Pharma companies are complaining that the waiting period for getting approvals and patents have increased in the recent past due to these vacancies. In your view, have the vacancies impacted the approval process to the extent claimed? What measures are you going to take to overcome this issue?
The requirement of appropriate infrastructure along with the staff is the need of the day not only to ensure the safe, efficacious drugs at reasonable price but also to perform, deliver and meet the requirements for the development of the country. Without providing proper staff with appropriate infrastructure, it will be unprofessional to expect the officials to perform professionally. The committees have reiterated the pressing need for strengthening the Drugs Control Offices in states as well as at the central level. There is a need to completely restructure the enforcement setup to deal with different issues, not only in just licensing but also in post marketing surveys, pricing, advertisements, with support and use from Institute of Chemical Technology (ICT).

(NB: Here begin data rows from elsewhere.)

(* Cyclic-antimonotone independence gives this for u = 1; it survives right multiplication by
   A, q and p = 1 - q, hence holds for u = (pa)^n. *)
definition inner_factorizing :: "'a \<times> 'f \<Rightarrow> bool" where
  "inner_factorizing u \<longleftrightarrow> (\<forall>x c cs. cs \<noteq> [] \<longrightarrow>
     \<phi>' (u \<odot> (x, 0) \<odot> Q \<odot> cw (c # cs)) = \<phi> c * \<phi>' (u \<odot> (x, 0) \<odot> Q \<odot> cw cs))"

lemma inner_factorizing_one: "inner_factorizing (1, 0)"
  by (simp add: inner_factorizing_def cyc_word_Cons phi'_cyc_word_inner del: cyc_word.simps)

lemma inner_factorizing_mult_scalar:
  "inner_factorizing u \<Longrightarrow> inner_factorizing (u \<odot> (y, 0))"
  by (simp add: inner_factorizing_def Bmul_assoc Bmul_scalar_scalar_left)

lemma inner_factorizing_mult_Q:
  assumes "inner_factorizing u"
  shows "inner_factorizing (u \<odot> Q)"
  unfolding inner_factorizing_def
proof (intro allI impI)
  fix x c and cs :: "'a list"
  assume "cs \<noteq> []"
  have fac: "\<phi>' (u \<odot> (1, 0) \<odot> Q \<odot> cw (c' # ds)) = \<phi> c' * \<phi>' (u \<odot> (1, 0) \<odot> Q \<odot> cw ds)"
    if "ds \<noteq> []" for c' ds
    using assms that unfolding inner_factorizing_def by blast
  have shift: "(u \<odot> Q) \<odot> (x, 0) \<odot> Q \<odot> cw ds = u \<odot> (1, 0) \<odot> Q \<odot> cw (x # ds)"
    if "ds \<noteq> []" for ds
    using that by (simp add: Bmul_assoc cyc_word_Cons del: cyc_word.simps)
  have "\<phi>' ((u \<odot> Q) \<odot> (x, 0) \<odot> Q \<odot> cw (c # cs)) = \<phi> x * \<phi>' (u \<odot> (1, 0) \<odot> Q \<odot> cw (c # cs))"
    using shift[of "c # cs"] fac[of "c # cs" x] by simp_all
  also have "\<dots> = \<phi> c * (\<phi> x * \<phi>' (u \<odot> (1, 0) \<odot> Q \<odot> cw cs))"
    by (simp only: fac[OF \<open>cs \<noteq> []\<close>] mult.left_commute)
  also have "\<dots> = \<phi> c * \<phi>' ((u \<odot> Q) \<odot> (x, 0) \<odot> Q \<odot> cw cs)"
    by (simp only: shift[OF \<open>cs \<noteq> []\<close>] fac[OF \<open>cs \<noteq> []\<close>])
  finally show "\<phi>' ((u \<odot> Q) \<odot> (x, 0) \<odot> Q \<odot> cw (c # cs)) =
      \<phi> c * \<phi>' ((u \<odot> Q) \<odot> (x, 0) \<odot> Q \<odot> cw cs)" .
qed

lemma inner_factorizing_mult_P:
  "inner_factorizing u \<Longrightarrow> inner_factorizing (u \<odot> P)"
  using inner_factorizing_mult_Q[of u]
  by (simp add: inner_factorizing_def Bmul_assoc phi'_P_split right_diff_distrib
      del: cyc_word.simps)

lemma inner_factorizing_Bpow_Pa: "inner_factorizing (Bpow (P \<odot> (a, 0)) n)"
proof (induction n)
  case 0
  then show ?case by (simp add: inner_factorizing_one)
next
  case (Suc n)
  have "Bpow (P \<odot> (a, 0)) (Suc n) = (Bpow (P \<odot> (a, 0)) n \<odot> P) \<odot> (a, 0)"
    by (simp only: Bpow_Suc_right Bmul_assoc)
  then show ?case
    by (simp only: Suc.IH inner_factorizing_mult_P inner_factorizing_mult_scalar)
qed

lemma inner_factorizingD:
  assumes "inner_factorizing u"
  shows "\<phi>' (u \<odot> Q \<odot> (b, 0) \<odot> Q \<odot> (c, 0)) = \<phi> b * \<phi>' (u \<odot> Q \<odot> (c, 0))"
proof -
  have "\<phi>' (u \<odot> (1, 0) \<odot> Q \<odot> cw [b, c]) = \<phi> b * \<phi>' (u \<odot> (1, 0) \<odot> Q \<odot> cw [c])"
    using assms unfolding inner_factorizing_def by blast
  then show ?thesis by (simp add: Q_def Bmul_assoc)
qed

lemma phi'_scalar_Q_scalar: "\<phi>' ((b, 0) \<odot> Q \<odot> (c, 0)) = \<phi> (b * c)"
  using phi'_cyc_word[of "[b, c]"] by (simp add: Q_def Bmul_assoc)

lemma phi'_Bpow_Pa_Q_Suc:
  "\<phi>' (Bpow (P \<odot> (a, 0)) (Suc j) \<odot> (x, 0) \<odot> Q \<odot> (c, 0)) =
     \<phi>' (Bpow (P \<odot> (a, 0)) j \<odot> (a * x, 0) \<odot> Q \<odot> (c, 0))
     - \<phi> (a * x) * \<phi>' (Bpow (P \<odot> (a, 0)) j \<odot> Q \<odot> (c, 0))"
proof -
  have "Bpow (P \<odot> (a, 0)) (Suc j) \<odot> (x, 0) \<odot> Q \<odot> (c, 0) =
      Bpow (P \<odot> (a, 0)) j \<odot> P \<odot> (a * x, 0) \<odot> Q \<odot> (c, 0)"
    by (simp only: Bpow_Suc_right Bmul_assoc Bmul_scalar_scalar_left)
  then show ?thesis
    by (simp only: phi'_P_split inner_factorizingD[OF inner_factorizing_Bpow_Pa])
qed

lemma phi'_Bpow_Pa_Q_powers:
  "\<phi>' (Bpow (P \<odot> (a, 0)) j \<odot> (a ^ k, 0) \<odot> Q \<odot> (a ^ l, 0)) =
     \<phi> (a ^ (j + k + l))
     - (\<Sum>i<j. \<phi> (a ^ (j - i + k)) * \<phi>' (Bpow (P \<odot> (a, 0)) i \<odot> Q \<odot> (a ^ l, 0)))"
proof (induction j arbitrary: k)
  case 0
  then show ?case by (simp add: phi'_scalar_Q_scalar power_add)
next
  case (Suc j)
  let ?\<beta> = "\<lambda>i. \<phi>' (Bpow (P \<odot> (a, 0)) i \<odot> Q \<odot> (a ^ l, 0))"
  have sum: "(\<Sum>i<Suc j. \<phi> (a ^ (Suc j - i + k)) * ?\<beta> i) =
      (\<Sum>i<j. \<phi> (a ^ (j - i + Suc k)) * ?\<beta> i) + \<phi> (a ^ Suc k) * ?\<beta> j"
    by (simp add: Suc_diff_le del: cpow.simps)
  show ?case
    by (simp only: phi'_Bpow_Pa_Q_Suc power_Suc[symmetric] Suc.IH sum)
      (simp add: algebra_simps del: cpow.simps)
qed

lemma phi'_Bpow_Pa_Q_convolution:
  "(\<Sum>i\<le>j. \<phi> (a ^ (j - i)) * \<phi>' (Bpow (P \<odot> (a, 0)) i \<odot> Q \<odot> (a ^ l, 0))) = \<phi> (a ^ (j + l))"
  using phi'_Bpow_Pa_Q_powers[of a j 0 l] by (simp add: lessThan_Suc_atMost[symmetric])

lemma phi'_Bpow_Pa_P:
  "\<phi>' (Bpow (P \<odot> (a, 0)) n \<odot> P \<odot> (a ^ r, 0)) =
     - (\<Sum>j\<le>n. \<phi>' (Bpow (P \<odot> (a, 0)) j \<odot> Q \<odot> (a ^ (n - j + r), 0)))"
proof (induction n arbitrary: r)
  case 0
  then show ?case using phi'_P_split[of "(1, 0)"] by simp
next
  case (Suc n)
  have "Bpow (P \<odot> (a, 0)) (Suc n) \<odot> (a ^ r, 0) = Bpow (P \<odot> (a, 0)) n \<odot> P \<odot> (a ^ Suc r, 0)"
    by (simp only: Bpow_Suc_right Bmul_assoc Bmul_scalar_scalar power_Suc)
  then have "\<phi>' (Bpow (P \<odot> (a, 0)) (Suc n) \<odot> P \<odot> (a ^ r, 0)) =
      \<phi>' (Bpow (P \<odot> (a, 0)) n \<odot> P \<odot> (a ^ Suc r, 0))
      - \<phi>' (Bpow (P \<odot> (a, 0)) (Suc n) \<odot> Q \<odot> (a ^ r, 0))"
    by (simp only: phi'_P_split)
  also have "\<dots> = - (\<Sum>j\<le>n. \<phi>' (Bpow (P \<odot> (a, 0)) j \<odot> Q \<odot> (a ^ (n - j + Suc r), 0)))
      - \<phi>' (Bpow (P \<odot> (a, 0)) (Suc n) \<odot> Q \<odot> (a ^ r, 0))"
    by (simp only: Suc.IH)
  also have "\<dots> = - (\<Sum>j\<le>Suc n. \<phi>' (Bpow (P \<odot> (a, 0)) j \<odot> Q \<odot> (a ^ (Suc n - j + r), 0)))"
    by (simp add: Suc_diff_le cong: sum.cong_simp del: cpow.simps)
  finally show ?case .
qed

end

theorem proposition5p4:
  fixes smA :: "complex \<Rightarrow> 'a::ring_1 \<Rightarrow> 'a" and \<phi> :: "'a \<Rightarrow> complex"
    and smF :: "complex \<Rightarrow> 'f::ring \<Rightarrow> 'f"
    and L :: "'a \<Rightarrow> 'f \<Rightarrow> 'f" and R :: "'f \<Rightarrow> 'a \<Rightarrow> 'f" and \<Phi> :: "'f \<Rightarrow> complex"
    and q :: 'f and p ta :: "'a \<times> 'f" and a :: 'a and \<mu> \<tau> :: "nat \<Rightarrow> complex"
  assumes ncps: "ncps_typeB' smA \<phi> smF L R \<Phi>"
    and idem: "q * q = q" and trace: "\<Phi> q = 1"
    and indep: "cyc_antimono_indep \<phi> \<Phi> L R q"
    and p_def: "p = (1, - q)"
    and at_def: "ta = Bmul L R (Bmul L R p (a, 0)) p"
    and mu_def: "\<forall>n. \<mu> n = \<phi> (a ^ n)"
    and tau: "inv_markov_krein \<mu> \<tau>"
  shows "\<forall>n. \<phi> (fst (cpow L R p ta n)) = \<mu> n \<and>
             \<phi> (fst (cpow L R p ta n)) + \<Phi> (snd (cpow L R p ta n)) = \<mu> n - \<tau> n"
proof
  fix n
  interpret cyc_antimono_ncps smA \<phi> smF L R \<Phi> q
    using ncps idem trace indep by unfold_locales
  have corner: "cpow L R p ta n = Bpow (P \<odot> (a, 0)) n \<odot> P"
    unfolding at_def p_def P_def[symmetric] by (rule cpow_corner[OF P_idem])
  have "\<tau> n = (\<Sum>j\<le>n. \<phi>' (Bpow (P \<odot> (a, 0)) j \<odot> Q \<odot> (a ^ (n - j), 0)))"
    using tau
    by (rule inv_markov_krein_diagonal_sum[where
          \<beta> = "\<lambda>l j. \<phi>' (Bpow (P \<odot> (a, 0)) j \<odot> Q \<odot> (a ^ l, 0))"])
      (simp_all add: mu_def phi'_Bpow_Pa_Q_convolution)
  then show "\<phi> (fst (cpow L R p ta n)) = \<mu> n \<and>
      \<phi> (fst (cpow L R p ta n)) + \<Phi> (snd (cpow L R p ta n)) = \<mu> n - \<tau> n"
    using phi'_Bpow_Pa_P[of a n 0] by (simp add: corner mu_def fst_Bpow P_def)
qed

What is your view on the recent announcement regarding the appointment of new Drug Controller General of India (DCGI) for an interim period of three months? Kindly comment on the ongoing controversy regarding the eligibility criteria for the appointment of a DCGI?
Our basic concern is the rectification in the recruitment rules for DCGI with respect to qualification and experience as per Drugs and Cosmetics Act. The irrelevant criterion of scale grade was added to restrict eligible and competent candidates available across India. Unless this is addressed, we will pursue the matter.

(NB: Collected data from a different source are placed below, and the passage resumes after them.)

(* Consider the $n$-body problem in ${\bf H}^2$ with all masses equal to $m>0$, $n\ge2$, and let $\alpha_i=2\pi i/n$. For every $m>0$ and every $z>1$ there exist $\omega>0$ and $\omega<0$ such that ${\bf q}_i(t)=(\rho\cos(\omega t+\alpha_i),\rho\sin(\omega t+\alpha_i), z)$, $\rho=(z^2-1)^{1/2}$, $i=1,\dots,n$, is a solution of the equations of motion (an elliptic relative equilibrium in which the regular $n$-gon rotates in the plane $z=$ constant).
   Context: The $n$-body problem in ${\bf H}^2$ (Weierstrass model): with the Lorentz inner product ${\bf a}\boxdot{\bf b}=a_xb_x+a_yb_y-a_zb_z$ on $\mathbb R^3$, ${\bf H}^2=\{(x,y,z): x^2+y^2-z^2=-1,\ z>0\}$. Bodies of masses $m_1,\dots,m_n>0$ have positions ${\bf q}_i=(x_i,y_i,z_i)\in{\bf H}^2$ and satisfy $$\ddot{\bf q}_i=\sum_{j\ne i}\frac{m_j[{\bf q}_j+({\bf q}_i\boxdot{\bf q}_j){\bf q}_i]}{[({\bf q}_i\boxdot{\bf q}_j)^2-1]^{3/2}}+(\dot{\bf q}_i\boxdot\dot{\bf q}_i){\bf q}_i,\qquad {\bf q}_i\boxdot{\bf q}_i=-1,\ \ {\bf q}_i\boxdot\dot{\bf q}_i=0,$$ $i=1,\dots,n$, defined only for collisionless configurations (${\bf q}_i\ne{\bf q}_j$ for $i\ne j$). *)

theory Defs
  imports "HOL-Analysis.Analysis"
begin

type_synonym vec3 = "real \<times> real \<times> real"

fun lor :: "vec3 \<Rightarrow> vec3 \<Rightarrow> real" where
  "lor (a1, a2, a3) (b1, b2, b3) = a1 * b1 + a2 * b2 - a3 * b3"

text \<open>Bodies are indexed by 1..n; q i t is the position of body i at time t.
  A solution (defined for all real times) of the n-body problem in H^2
  with masses mass 1, ..., mass n.\<close>
definition is_solution ::
  "nat \<Rightarrow> (nat \<Rightarrow> real) \<Rightarrow> (nat \<Rightarrow> real \<Rightarrow> vec3) \<Rightarrow> bool" where
  "is_solution n mass q \<longleftrightarrow>
     (\<exists>q' q'' :: nat \<Rightarrow> real \<Rightarrow> vec3. \<forall>t. \<forall>i\<in>{1..n}.
        (q i has_vector_derivative q' i t) (at t) \<and>
        (q' i has_vector_derivative q'' i t) (at t) \<and>
        lor (q i t) (q i t) = -1 \<and> snd (snd (q i t)) > 0 \<and>
        lor (q i t) (q' i t) = 0 \<and>
        (\<forall>j\<in>{1..n}. j \<noteq> i \<longrightarrow> q j t \<noteq> q i t) \<and>
        q'' i t =
          (\<Sum>j\<in>{1..n} - {i}.
             (mass j / (((lor (q i t) (q j t))\<^sup>2 - 1) powr (3/2))) *\<^sub>R
               (q j t + lor (q i t) (q j t) *\<^sub>R q i t))
          + lor (q' i t) (q' i t) *\<^sub>R q i t)"

end

theory Submission imports Defs begin

(* The proof has three parts.
   (1) Kinematics: the velocity and acceleration of a uniformly rotating point are
       explicit, the Lorentz product of two such points depends only on their angular
       separation d, namely rho^2 cos d - z^2, and it is < -1 when cos d < 1, so the
       bodies never collide and all interaction denominators are positive.
   (2) Polygon sums: summing over the other vertices amounts to summing over the
       separations 2 pi k / n, k = 1..n-1; the odd (sine) parts cancel and the even
       parts add up to a positive constant polygon_K n z.  Hence the total force on
       each body is radial-plus-vertical with magnitude proportional to polygon_K n z.
   (3) Matching the equations of motion, all three components reduce to the single
       condition omega^2 = m * polygon_K n z, solved by omega = +/- sqrt (m K). *)

lemma has_vector_derivative_triple:
  assumes "(f has_real_derivative a) (at t)" "(g has_real_derivative b) (at t)"
    "(h has_real_derivative c) (at t)"
  shows "((\<lambda>t. (f t, g t, h t)) has_vector_derivative (a, b, c)) (at t)"
proof -
  have "((\<lambda>t. (f t, g t, h t)) has_derivative (\<lambda>x. (a * x, b * x, c * x))) (at t)"
    using assms unfolding has_field_derivative_def
    by (intro has_derivative_Pair) auto
  moreover have "(\<lambda>x. (a * x, b * x, c * x)) = (\<lambda>x::real. x *\<^sub>R (a, b, c))"
    by (auto simp: fun_eq_iff)
  ultimately show ?thesis unfolding has_vector_derivative_def by simp
qed

lemma sum_triple: "(\<Sum>j\<in>A. (f j, g j, h j)) = (sum f A, sum g A, sum h A)"
  by (simp add: fst_sum snd_sum prod_eq_iff)

section \<open>Sums over the vertices of a regular polygon\<close>

lemma sum_polygon_shift:
  fixes g :: "real \<Rightarrow> real" and n i :: nat
  assumes per: "\<And>x. g (x + 2*pi) = g x" and i: "i \<in> {1..n}"
  shows "(\<Sum>j\<in>{1..n} - {i}. g (2*pi*(real j - real i)/real n))
       = (\<Sum>k\<in>{1..n-1}. g (2*pi*real k/real n))"
proof (rule sum.reindex_bij_witness[where i="\<lambda>k. if k + i \<le> n then k + i else k + i - n"
      and j="\<lambda>j. if j > i then j - i else j + n - i"])
  fix j assume j: "j \<in> {1..n} - {i}"
  show "(if j > i then j - i else j + n - i) \<in> {1..n - 1}" using j i by auto
  show "(if (if j > i then j - i else j + n - i) + i \<le> n then (if j > i then j - i else j + n - i) + i
        else (if j > i then j - i else j + n - i) + i - n) = j" using j i by auto
  show "g (2*pi*real (if j > i then j - i else j + n - i)/real n) = g (2*pi*(real j - real i)/real n)"
  proof (cases "j > i")
    case True then show ?thesis by simp
  next
    case False
    have "2*pi*real (j + n - i)/real n = 2*pi*(real j - real i)/real n + 2*pi"
      using False i by (simp add: field_simps)
    then show ?thesis using False per by simp
  qed
next
  fix k assume k: "k \<in> {1..n-1}"
  show "(if k + i \<le> n then k + i else k + i - n) \<in> {1..n} - {i}" using k i by auto
  show "(if (if k + i \<le> n then k + i else k + i - n) > i then (if k + i \<le> n then k + i else k + i - n) - i
      else (if k + i \<le> n then k + i else k + i - n) + n - i) = k" using k i by auto
qed

text \<open>An odd 2 pi-periodic function sums to zero over the polygon angles, since the
  angles 2 pi k / n and 2 pi (n - k) / n cancel in pairs.\<close>
lemma sum_polygon_odd_zero:
  fixes h :: "real \<Rightarrow> real" and n :: nat
  assumes per: "\<And>x. h (x + 2*pi) = h x" and odd: "\<And>x. h (-x) = - h x"
  shows "(\<Sum>k\<in>{1..n-1}. h (2*pi*real k/real n)) = 0"
proof -
  have "(\<Sum>k\<in>{1..n-1}. h (2*pi*real k/real n)) = (\<Sum>k\<in>{1..n-1}. h (2*pi*real (n - k)/real n))"
    by (rule sum.reindex_bij_witness[where i="\<lambda>k. n - k" and j="\<lambda>k. n - k"]) auto
  also have "\<dots> = (\<Sum>k\<in>{1..n-1}. - h (2*pi*real k/real n))"
  proof (rule sum.cong)
    fix k assume k: "k \<in> {1..n-1}"
    then have "real n > 0" "k \<le> n" by auto
    then have "2*pi*real (n - k)/real n = - (2*pi*real k/real n) + 2*pi"
      by (simp add: field_simps)
    then show "h (2*pi*real (n - k)/real n) = - h (2*pi*real k/real n)"
      using per[of "- (2*pi*real k/real n)"] odd by simp
  qed simp
  finally show ?thesis by (simp add: sum_negf)
qed

text \<open>Distinct vertices have distinct angles modulo 2 pi: the separation of two
  different indices in 1..n is not a multiple of n.\<close>
lemma cos_polygon_separation_lt_1:
  fixes n i j :: nat
  assumes "i \<in> {1..n}" "j \<in> {1..n}" "j \<noteq> i"
  shows "cos (2*pi*(real j - real i)/real n) < 1"
proof -
  have "cos (2*pi*(real j - real i)/real n) \<noteq> 1"
  proof
    assume "cos (2*pi*(real j - real i)/real n) = 1"
    then obtain k :: int where k: "2*pi*(real j - real i)/real n = k * 2 * pi"
      by (auto simp: cos_one_2pi_int)
    have "real n > 0" using assms by auto
    then have "2*pi*(real j - real i) = 2*pi*(real_of_int k * real n)"
      using k by (simp add: field_simps)
    then have "real j - real i = real_of_int k * real n" by simp
    then have e: "int j - int i = k * int n"
      by (metis of_int_eq_iff of_int_mult of_int_of_nat_eq of_int_diff)
    have lt: "\<bar>int j - int i\<bar> < int n" "int j \<noteq> int i" using assms by auto
    then have "\<bar>k\<bar> * int n < 1 * int n" using e by (simp add: abs_mult)
    then have "\<bar>k\<bar> < 1" using mult_less_cancel_right[of "\<bar>k\<bar>" "int n" 1] by linarith
    then have "k = 0" by simp
    then show False using e lt by simp
  qed
  then show ?thesis using cos_le_one by (metis order_less_le)
qed

corollary cos_polygon_angle_lt_1:
  assumes "k \<in> {1..n-1}"
  shows "cos (2*pi*real k/real n) < 1"
proof -
  have "real n > 0" using assms by auto
  then have "2*pi*real k/real n = 2*pi*(real k - real n)/real n + 2*pi"
    by (simp add: field_simps)
  then show ?thesis
    using cos_polygon_separation_lt_1[of n n k] assms by auto
qed

definition circle_pt :: "real \<Rightarrow> real \<Rightarrow> real \<Rightarrow> vec3" where
  "circle_pt \<rho> z \<theta> = (\<rho> * cos \<theta>, \<rho> * sin \<theta>, z)"

lemma lor_circle_pt:
  "lor (circle_pt \<rho> z a) (circle_pt \<rho> z (a + d)) = \<rho>\<^sup>2 * cos d - z\<^sup>2"
proof -
  have "cos d = cos (a + d) * cos a + sin (a + d) * sin a"
    using cos_diff[of "a + d" a] by simp
  then show ?thesis by (simp add: circle_pt_def power2_eq_square algebra_simps)
qed

text \<open>If the circle lies on H^2 (rho^2 = z^2 - 1) and the separation is not a multiple
  of 2 pi, the Lorentz product is < -1, i.e. the hyperbolic distance is positive.\<close>
lemma lor_separation_lt_minus_1:
  fixes \<rho> z d :: real
  assumes "\<rho>\<^sup>2 = z\<^sup>2 - 1" "\<rho> \<noteq> 0" "cos d < 1"
  shows "\<rho>\<^sup>2 * cos d - z\<^sup>2 < -1"
proof -
  have "\<rho>\<^sup>2 > 0" using assms(2) by simp
  then have "\<rho>\<^sup>2 * (1 - cos d) > 0" using assms(3) by (simp del: zero_less_power2)
  moreover have "\<rho>\<^sup>2 * cos d - z\<^sup>2 = -1 - \<rho>\<^sup>2 * (1 - cos d)"
    using assms(1) by (simp add: algebra_simps)
  ultimately show ?thesis by linarith
qed

text \<open>The interaction denominator ((q_i . q_j)^2 - 1)^(3/2) for two bodies on the
  circle of height z at angular separation x.\<close>
definition pair_denom :: "real \<Rightarrow> real \<Rightarrow> real" where
  "pair_denom z x = (((z\<^sup>2 - 1) * cos x - z\<^sup>2)\<^sup>2 - 1) powr (3/2)"

lemma pair_denom_pos:
  assumes "z > 1" "cos x < 1"
  shows "pair_denom z x > 0"
proof -
  have "z\<^sup>2 - 1 > 0" using assms(1) by simp
  then have "sqrt (z\<^sup>2 - 1) \<noteq> 0" "(sqrt (z\<^sup>2 - 1))\<^sup>2 = z\<^sup>2 - 1" by simp_all
  then have L: "(z\<^sup>2 - 1) * cos x - z\<^sup>2 < -1"
    using lor_separation_lt_minus_1[OF _ _ assms(2)] by metis
  then have "(((z\<^sup>2 - 1) * cos x - z\<^sup>2) - 1) * (((z\<^sup>2 - 1) * cos x - z\<^sup>2) + 1) > 0"
    by (intro mult_neg_neg) auto
  then have "((z\<^sup>2 - 1) * cos x - z\<^sup>2)\<^sup>2 > 1"
    by (simp add: power2_eq_square algebra_simps)
  then show ?thesis unfolding pair_denom_def by simp
qed

text \<open>The constant governing the angular velocity of the rotating n-gon.\<close>
definition polygon_K :: "nat \<Rightarrow> real \<Rightarrow> real" where
  "polygon_K n z = (\<Sum>k\<in>{1..n-1}. (1 - cos (2*pi*real k/real n)) / pair_denom z (2*pi*real k/real n))"

lemma polygon_K_pos:
  assumes "n \<ge> 2" "z > 1"
  shows "polygon_K n z > 0"
  unfolding polygon_K_def
proof (rule sum_pos)
  show "finite {1..n-1}" "{1..n-1} \<noteq> {}" using assms(1) by auto
  fix k assume "k \<in> {1..n-1}"
  then have c: "cos (2*pi*real k/real n) < 1" by (rule cos_polygon_angle_lt_1)
  then show "(1 - cos (2*pi*real k/real n)) / pair_denom z (2*pi*real k/real n) > 0"
    using pair_denom_pos[OF assms(2) c] by simp
qed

Please elaborate on the need for a Drug Information Centre programme. How will it be beneficial for end users? What is the current status about the programme and when will it be launched?
Presently, the idea of such an initiative has been dropped. But we are helping out State Pharmacy Councils to gear up with the same. Recently, there were reports in the media that AIDCOC will soon approach the Union Public Service Commission (UPSC) for including pharma science as an optional subject list for UPSC’s civil services examinations.
Kindly brief us on the same and what action has been taken by the UPSC body?
This is the vision wherein pharmacy professionals intend to contribute in the administration, to be more precise, in healthcare management. Professionals in medicine, engineering, commerce, veterinary sciences, etc. can participate in the competitive exams with specialised subjects they have studied, but pharmacy professionals do not have a level playing platform as pharmacy is not taught in the main course. We are taking up the matter with the UPSC.
Schedule Y was amended to Schedule Y1 in order to restructure and streamline CROs and the conduct of clinical trials in India.
In November 2011 there were reports that the Union Health Ministry is planning to notify Schedule Y1, after controversy broke out regarding the number of deaths related to clinical trials. What are your views on this?
Strengthening of the enforcement machinery will definitely help in monitoring such facilities and such incidence can be avoided.
What other programmes are on AIDCOC’s agenda for 2012 and beyond?
We will organise AIDCOC’s convention in Bangalore where social initiative programmes such as medical camps in remote areas, blood donation camps, consumer awareness workshops will be held. All officers should communicate among themselves through social networking sites. Would like officers from across India to have international training and from each state’s Drugs Control Officers should be represented at international symposia through the Central Government.
There should be uniformity in designation and pay scale for the drugs control officers across the country.